Stored data entries
theorem proposition5:
  fixes J E :: real
  assumes "(J, E) \<in> D1"
  shows "\<exists>PE PJ ME MJ.
           ((\<lambda>e. Pt J e) has_real_derivative PE) (at E) \<and>
           ((\<lambda>j. Pt j E) has_real_derivative PJ) (at J) \<and>
           ((\<lambda>e. Mt J e) has_real_derivative ME) (at E) \<and>
           ((\<lambda>j. Mt j E) has_real_derivative MJ) (at J) \<and>
           PE * MJ - ME * PJ < 0"
proof -
  obtain a b c where "cubic_roots J E a b c"
    using D1_cubic_roots[OF assms] .
  then interpret cubic_roots J E a b c .
  have "0 < J"
    using assms by (simp add: D1_def)
  define \<alpha>E \<epsilon> \<alpha>J \<eta>
    where "\<alpha>E = (2 * a * c - a * b - b * c) / (b * (c - a))" and "\<epsilon> = (b - a) * (c - b) / (4 * b)"
      and "\<alpha>J = (a + c - 2 * b) / (c - a)" and "\<eta> = (b - a) * (b - c) / (4 * J)"
  have TE: "((\<lambda>e. Tper J e) has_real_derivative Tper_slope \<alpha>E / \<epsilon>) (at E)"
    and ME: "((\<lambda>e. Mt J e) has_real_derivative Mt_slope \<alpha>E / \<epsilon>) (at E)"
    unfolding \<alpha>E_def \<epsilon>_def by (rule Tper_Mt_has_derivative_E)+
  have TJ: "((\<lambda>j. Tper j E) has_real_derivative Tper_slope \<alpha>J / \<eta>) (at J)"
    and MJ: "((\<lambda>j. Mt j E) has_real_derivative Mt_slope \<alpha>J / \<eta>) (at J)"
    unfolding \<alpha>J_def \<eta>_def using Tper_Mt_has_derivative_J[OF \<open>0 < J\<close>] by blast+
  have PE: "((\<lambda>e. Pt J e) has_real_derivative J * (Tper_slope \<alpha>E / \<epsilon>) / 2) (at E)"
    unfolding Pt_def by (intro DERIV_cdivide DERIV_cmult TE)
  have PJ: "((\<lambda>j. Pt j E) has_real_derivative (Tper J E + J * (Tper_slope \<alpha>J / \<eta>)) / 2) (at J)"
    unfolding Pt_def
    by (rule DERIV_cong[OF DERIV_cdivide[OF DERIV_mult[OF DERIV_ident TJ]]]) (simp add: algebra_simps)
  show ?thesis
    using PE PJ ME MJ Pt_Mt_determinant_neg[OF \<open>0 < J\<close>]
    unfolding \<alpha>E_def \<epsilon>_def \<alpha>J_def \<eta>_def by blast
qed

end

**TASK DESCRIPTION:**
Within the data above, filter for lines containing the word "where" and copy each one.

**RESULT:**
  obtain a b c where "cubic_roots J E a b c"
    where "\<alpha>E = (2 * a * c - a * b - b * c) / (b * (c - a))" and "\<epsilon> = (b - a) * (c - b) / (4 * b)"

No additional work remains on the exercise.